The Phoebe A. Hearst Museum of Anthropology closed Sunday to begin a project to re-organize the museum’s inventory, which has also prompted additional renovations to the museum.
During the two years it will be closed, the museum will begin its collections-move project, which will cost the campus $4.2 million, according to a campus press release. Through the project, the museum’s underground storage space will be retrofitted, and its stored inventory will be re-organized.
After the move, the museum’s inventory will be stored in the UC Berkeley Regatta Art Collections Facility in Richmond and in a renovated space under the museum. Artifacts will no longer be stored in the Hearst Gym on Bancroft Way, and while this location has served the museum for a long time, the regatta facility will provide more appropriate storage conditions for the school’s artifacts, according to Penny Betts, head of development at the museum.
The museum will also spend time cataloging and maintaining its collections, according to Christine Shaff, communications director of the campus’s Facilities Services Department.
“The regatta space will be better suited for storage for the kind of artifacts and materials that they have (at the museum),” Shaff said.
According to Betts, the climate-controlled regatta facility will not only provide appropriate conditions for the collections, but will also provide easier access to artifacts, because it will be modified to improve its accessibility.

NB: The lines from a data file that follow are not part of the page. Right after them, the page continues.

lemma Zlam_uminus [simp]: "x \<in> Zlam \<Longrightarrow> - x \<in> Zlam"
proof -
  assume "x \<in> Zlam"
  then obtain a b where "x = of_int a + of_int b * lam" unfolding Zlam_def by blast
  hence "- x = of_int (- a) + of_int (- b) * lam" by simp
  thus ?thesis unfolding Zlam_def by blast
qed

lemma Zlam_diff [simp]: "x \<in> Zlam \<Longrightarrow> y \<in> Zlam \<Longrightarrow> x - y \<in> Zlam"
  using Zlam_add[of x "- y"] by simp

lemma Zlam_mult [simp]: "x \<in> Zlam \<Longrightarrow> y \<in> Zlam \<Longrightarrow> x * y \<in> Zlam"
proof -
  assume "x \<in> Zlam" "y \<in> Zlam"
  then obtain a b c d where "x = of_int a + of_int b * lam" "y = of_int c + of_int d * lam"
    unfolding Zlam_def by blast
  hence "x * y = of_int (a * c + b * d) + of_int (a * d + b * c + b * d) * lam"
    by (simp add: algebra_simps lam_mult_lam_mult)
  thus ?thesis unfolding Zlam_def by blast
qed

lemma int_quadratic_form_eq_0:
  fixes a b :: int
  assumes "a^2 + a * b - b^2 = 0"
  shows "a = 0 \<and> b = 0"
  using assms
proof (induction "nat (\<bar>a\<bar> + \<bar>b\<bar>)" arbitrary: a b rule: less_induct)
  case less
  show ?case
  proof (cases "a = 0 \<and> b = 0")
    case False
    have "even (a^2 + a * b - b^2)" using less.prems by simp
    hence "even a \<and> even b" by (cases "even a"; cases "even b") (auto simp: power2_eq_square)
    then obtain a' b' where ab: "a = 2 * a'" "b = 2 * b'" by (auto elim!: evenE)
    have "a'^2 + a' * b' - b'^2 = 0" using less.prems unfolding ab by (simp add: power2_eq_square)
    moreover have "nat (\<bar>a'\<bar> + \<bar>b'\<bar>) < nat (\<bar>a\<bar> + \<bar>b\<bar>)" using False ab by auto
    ultimately have "a' = 0 \<and> b' = 0" using less.hyps by blast
    thus ?thesis using ab by simp
  qed
qed

lemma Zlam_times_conjugate:
  "(of_int (a + b) - of_int b * lam) * (of_int a + of_int b * lam) = of_int (a^2 + a * b - b^2)"
  by (simp add: algebra_simps power2_eq_square lam_mult_lam_mult)

lemma Zlam_coords_eq_0:
  assumes "of_int a + of_int b * lam = 0"
  shows "a = 0 \<and> b = 0"
  using Zlam_times_conjugate[of a b] assms int_quadratic_form_eq_0 by (simp del: of_int_diff)

definition Zlam_multiples :: "int \<Rightarrow> real set" where
  "Zlam_multiples c = (\<lambda>z. of_int c * z) ` Zlam"

lemma Zlam_multiplesI: "z \<in> Zlam \<Longrightarrow> of_int c * z \<in> Zlam_multiples c"
  unfolding Zlam_multiples_def by blast

lemma Zlam_multiples_0 [simp]: "0 \<in> Zlam_multiples c"
  using Zlam_multiplesI[OF Zlam_0] by simp

lemma Zlam_multiples_add [simp]:
  "x \<in> Zlam_multiples c \<Longrightarrow> y \<in> Zlam_multiples c \<Longrightarrow> x + y \<in> Zlam_multiples c"
  unfolding Zlam_multiples_def by (auto simp: distrib_left[symmetric])

lemma Zlam_multiples_mult [simp]:
  "y \<in> Zlam \<Longrightarrow> x \<in> Zlam_multiples c \<Longrightarrow> y * x \<in> Zlam_multiples c"
  "y \<in> Zlam \<Longrightarrow> x \<in> Zlam_multiples c \<Longrightarrow> x * y \<in> Zlam_multiples c"
  unfolding Zlam_multiples_def by (auto simp: mult.left_commute mult.assoc)

lemma Zlam_multiples_coprime:
  assumes "coprime m q" "x \<in> Zlam_multiples m" "x \<in> Zlam_multiples q"
  shows "x \<in> Zlam_multiples (m * q)"
proof -
  obtain a b c d where x: "x = of_int m * (of_int a + of_int b * lam)"
    "x = of_int q * (of_int c + of_int d * lam)"
    using assms(2,3) unfolding Zlam_multiples_def Zlam_def by blast
  have "of_int (m * a - q * c) + of_int (m * b - q * d) * lam = 0"
    using x by (simp add: algebra_simps)
  hence "m * a = q * c" "m * b = q * d" using Zlam_coords_eq_0 by fastforce+
  hence "q dvd a" "q dvd b"
    using assms(1) by (metis coprime_commute coprime_dvd_mult_right_iff dvd_triv_left)+
  then obtain a' b' where "a = q * a'" "b = q * b'" by (auto elim!: dvdE)
  hence "x = of_int (m * q) * (of_int a' + of_int b' * lam)"
    using x(1) by (simp add: algebra_simps)
  thus ?thesis unfolding Zlam_multiples_def Zlam_def by blast
qed

lemma ideal_Zlam_multiples_subset:
  "is_ideal_Zlam A \<Longrightarrow> of_int n \<in> A \<Longrightarrow> Zlam_multiples n \<subseteq> A"
  unfolding is_ideal_Zlam_def Zlam_multiples_def by (auto simp: mult.commute)

lemma ideal_contains_nonzero_int:
  assumes "is_ideal_Zlam A" "A \<noteq> {0}"
  obtains n where "n \<noteq> 0" "of_int n \<in> A"
proof -
  obtain x where x: "x \<in> A" "x \<noteq> 0" "x \<in> Zlam"
    using assms unfolding is_ideal_Zlam_def by blast
  then obtain a b where ab: "x = of_int a + of_int b * lam" unfolding Zlam_def by blast
  have "of_int (a + b) - of_int b * lam \<in> Zlam" by simp
  hence "of_int (a^2 + a * b - b^2) \<in> A"
    using assms(1) x(1) Zlam_times_conjugate[of a b] unfolding is_ideal_Zlam_def ab by metis
  moreover have "a^2 + a * b - b^2 \<noteq> 0"
    using int_quadratic_form_eq_0 x(2) ab by fastforce
  ultimately show ?thesis using that by blast
qed

section \<open>Congruences of matrices\<close>

definition Zlam_mat :: "real^2^2 \<Rightarrow> bool" where
  "Zlam_mat M \<longleftrightarrow> (\<forall>i j. M$i$j \<in> Zlam)"

definition mat_cong :: "int \<Rightarrow> real^2^2 \<Rightarrow> real^2^2 \<Rightarrow> bool" where
  "mat_cong c M N \<longleftrightarrow> Zlam_mat M \<and> Zlam_mat N \<and> (\<forall>i j. M$i$j - N$i$j \<in> Zlam_multiples c)"

lemma Zlam_mat_mat2 [simp]: "Zlam_mat (mat2 a b c d) \<longleftrightarrow> a \<in> Zlam \<and> b \<in> Zlam \<and> c \<in> Zlam \<and> d \<in> Zlam"
  unfolding Zlam_mat_def by (auto simp: forall_2)

lemma Zlam_mat_mult: "Zlam_mat A \<Longrightarrow> Zlam_mat B \<Longrightarrow> Zlam_mat (A ** B)"
  unfolding Zlam_mat_def by (simp add: mat_mult_nth)

lemma mat_cong_mat2:
  "mat_cong c (mat2 a b e d) (mat2 a' b' e' d') \<longleftrightarrow>
     Zlam_mat (mat2 a b e d) \<and> Zlam_mat (mat2 a' b' e' d') \<and>
     a - a' \<in> Zlam_multiples c \<and> b - b' \<in> Zlam_multiples c \<and>
     e - e' \<in> Zlam_multiples c \<and> d - d' \<in> Zlam_multiples c"
  unfolding mat_cong_def by (auto simp: forall_2)

lemma mat_cong_refl: "Zlam_mat A \<Longrightarrow> mat_cong c A A"
  unfolding mat_cong_def by simp

lemma mat_cong_trans: "mat_cong c A B \<Longrightarrow> mat_cong c B C \<Longrightarrow> mat_cong c A C"
  unfolding mat_cong_def
  using Zlam_multiples_add[of "A$i$j - B$i$j" c "B$i$j - C$i$j" for i j] by auto

lemma mat_cong_mult: "mat_cong c A A' \<Longrightarrow> mat_cong c B B' \<Longrightarrow> mat_cong c (A ** B) (A' ** B')"
proof -
  assume A: "mat_cong c A A'" and B: "mat_cong c B B'"
  have "(A ** B)$i$j - (A' ** B')$i$j \<in> Zlam_multiples c" for i j
  proof -
    have "(A ** B)$i$j - (A' ** B')$i$j =
        A$i$1 * (B$1$j - B'$1$j) + (A$i$1 - A'$i$1) * B'$1$j
      + A$i$2 * (B$2$j - B'$2$j) + (A$i$2 - A'$i$2) * B'$2$j"
      by (simp add: mat_mult_nth algebra_simps)
    thus ?thesis using A B by (simp add: mat_cong_def Zlam_mat_def)
  qed
  thus ?thesis using A B by (simp add: mat_cong_def Zlam_mat_mult)
qed

lemma mat_cong_coprime:
  "coprime m q \<Longrightarrow> mat_cong m A B \<Longrightarrow> mat_cong q A B \<Longrightarrow> mat_cong (m * q) A B"
  unfolding mat_cong_def by (blast intro: Zlam_multiples_coprime)

lemma mat_cong_one_imp_Hcong:
  assumes "M \<in> H5" "mat_cong c M (mat 1)" "Zlam_multiples c \<subseteq> A"
  shows "M \<in> Hcong A"
proof -
  have entry: "M$i$j - (mat 1 :: real^2^2)$i$j \<in> A" for i j
    using assms(2,3) unfolding mat_cong_def by blast
  show ?thesis
    using assms(1) entry[of 1 1] entry[of 2 2] entry[of 1 2] entry[of 2 1]
    unfolding Hcong_def by (simp add: mat_1_mat2)
qed

lemma Smat_in_H5: "Smat \<in> H5" and Tmat_in_H5: "Tmat \<in> H5"
  unfolding H5_def by (simp_all add: gen_subgroup.gen_base)

lemma H5_mult: "a \<in> H5 \<Longrightarrow> b \<in> H5 \<Longrightarrow> a ** b \<in> H5"
  unfolding H5_def by (rule gen_subgroup.gen_mult)

lemma H5_matrix_inv: "a \<in> H5 \<Longrightarrow> matrix_inv a \<in> H5"
  unfolding H5_def by (rule gen_subgroup.gen_inv)

lemma mat_1_in_H5: "mat 1 \<in> H5"
  unfolding H5_def by (rule gen_subgroup.gen_one)

lemma U_exponent_Smat: "U_exponent Smat = 0"
  using U_exponent_word[of "[0, 0]"] by simp

lemma U_exponent_Tmat: "U_exponent Tmat = 1"
  using U_exponent_word[of "[0, 0, 0, 1]"] by (simp add: Tmat_word del: word.simps)

lemma matrix_inv_Tmat: "matrix_inv Tmat = mat2 1 (- lam) 0 1"
  by (rule matrix_inv_unique) (simp_all add: Tmat_mat2 mat_1_mat2)

definition T_pow :: "int \<Rightarrow> real^2^2" where
  "T_pow a = mat2 1 (of_int a * lam) 0 1"

lemma T_pow_in_H5_and_U_exponent: "T_pow a \<in> H5 \<and> U_exponent (T_pow a) = a mod 5"
proof (induction a rule: int_induct[where k = 0])
  case base
  show ?case using U_exponent_word[of "[0]"] by (simp add: T_pow_def mat_1_mat2[symmetric] mat_1_in_H5)
next
  case (step1 i)
  have "T_pow (i + 1) = T_pow i ** Tmat" by (simp add: T_pow_def Tmat_mat2 algebra_simps)
  moreover have "T_pow i \<in> words" "Tmat \<in> words"
    using step1 Tmat_in_H5 H5_subset_words by blast+
  ultimately show ?case
    using step1 Tmat_in_H5 by (simp add: H5_mult U_exponent_mult U_exponent_Tmat mod_add_left_eq)
next
  case (step2 i)
  have "T_pow (i - 1) = T_pow i ** matrix_inv Tmat" by (simp add: T_pow_def matrix_inv_Tmat algebra_simps)
  moreover have "T_pow i \<in> words" "Tmat \<in> words" "matrix_inv Tmat \<in> words"
    using step2 Tmat_in_H5 H5_subset_words words_matrix_inv by blast+
  ultimately show ?case
    using step2 H5_matrix_inv[OF Tmat_in_H5]
    by (simp add: H5_mult U_exponent_mult U_exponent_matrix_inv U_exponent_Tmat) presburger
qed

lemma Zlam_mat_T_pow [simp]: "Zlam_mat (T_pow a)"
  by (simp add: T_pow_def)

lemma Zlam_mat_Smat [simp]: "Zlam_mat Smat"
  by (simp add: Smat_mat2)

lemma mat_cong_T_pow: "c dvd a - b \<Longrightarrow> mat_cong c (T_pow a) (T_pow b)"
proof -
  assume "c dvd a - b"
  then obtain d where "a - b = c * d" by (auto elim!: dvdE)
  hence "of_int a * lam - of_int b * lam = of_int c * (of_int d * lam)"
    by (simp add: algebra_simps flip: of_int_diff of_int_mult)
  thus ?thesis by (simp add: T_pow_def mat_cong_mat2 Zlam_multiplesI)
qed

section \<open>Elements of H(A) outside the kernel\<close>

definition cong_witness :: "int \<Rightarrow> int \<Rightarrow> real^2^2" where
  "cong_witness w t = T_pow (- w) ** Smat ** T_pow w ** Smat ** T_pow w ** Smat ** T_pow (- w) ** Smat
     ** T_pow t ** Smat"

lemma cong_witness_in_H5: "cong_witness w t \<in> H5"
  by (simp add: cong_witness_def T_pow_in_H5_and_U_exponent Smat_in_H5 H5_mult)

lemma U_exponent_cong_witness: "U_exponent (cong_witness w t) = t mod 5"
proof -
  have "T_pow a \<in> words" "U_exponent (T_pow a) = a mod 5" for a
    using T_pow_in_H5_and_U_exponent H5_subset_words by blast+
  moreover have "Smat \<in> words" using Smat_in_H5 H5_subset_words by blast
  ultimately show ?thesis
    unfolding cong_witness_def by (simp add: U_exponent_mult words_mult U_exponent_Smat mod_add_eq)
qed

lemma cong_witness_cong:
  "c dvd w - w' \<Longrightarrow> c dvd t - t' \<Longrightarrow> mat_cong c (cong_witness w t) (cong_witness w' t')"
  unfolding cong_witness_def
  by (intro mat_cong_mult mat_cong_T_pow mat_cong_refl Zlam_mat_Smat)
    (simp_all add: dvd_diff_commute)

lemma mat2_square_cayley_hamilton:
  "mat2 a b c d ** mat2 a b c d
     = mat2 ((a + d) * a - (a * d - b * c)) ((a + d) * b) ((a + d) * c) ((a + d) * d - (a * d - b * c))"
  by (simp add: algebra_simps)

lemma mat_cong_square_minus_one:
  assumes "Zlam_mat (mat2 a b e d)" "a * d - b * e = 1" "a + d = of_int c * z" "z \<in> Zlam"
  shows "mat_cong c (mat2 a b e d ** mat2 a b e d) (- mat 1)"
  using assms unfolding mat2_square_cayley_hamilton mat_1_mat2 mat2_uminus
  by (auto simp: mat_cong_mat2 mult.assoc intro!: Zlam_multiplesI)

lemma cong_witness_1:
  "cong_witness 1 r = mat2 (- (1 + 2 * lam) - of_int r * (4 + 8 * lam)) (4 + 4 * lam)
     (lam + of_int r * (2 + 3 * lam)) (- (1 + 2 * lam))"
  by (simp add: cong_witness_def T_pow_def Smat_mat2 mat2_eq_iff algebra_simps lam_mult_lam_mult lam_sq)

“We came specifically for the native Californian cultures exhibit,” said Elena Tarango, who came from Sacramento to visit the museum for the first time on Friday. “It was neat to see some of the things here and to know that they’re kept safe.”
Although the museum will be closed for two years, this will not affect the current museum staff, and in fact, 15 additional staff members have been hired to help with moving the collections.
The museum has also announced that its facilities will undergo renovation during the collection-move project. The renovations will be privately funded and will include improved museum galleries, a new welcome center, an updated entryway and a number of additional improvements.
The opportunity for the renovations presented itself when it became apparent that seismic retrofitting as well as improvements to the underground storage space would be necessary. According to Shaff, plans for the renovations have not yet been approved.
“There are a number of steps in this process (of renovating the museum), and we have gone through some, and there are more to come,” Betts said.
During the move and renovation, there will be a two-year moratorium on loans, acquisitions, research, classes held in collections areas and new publication photography. However, the renovation will not affect the classrooms in Kroeber Hall, which houses the museum.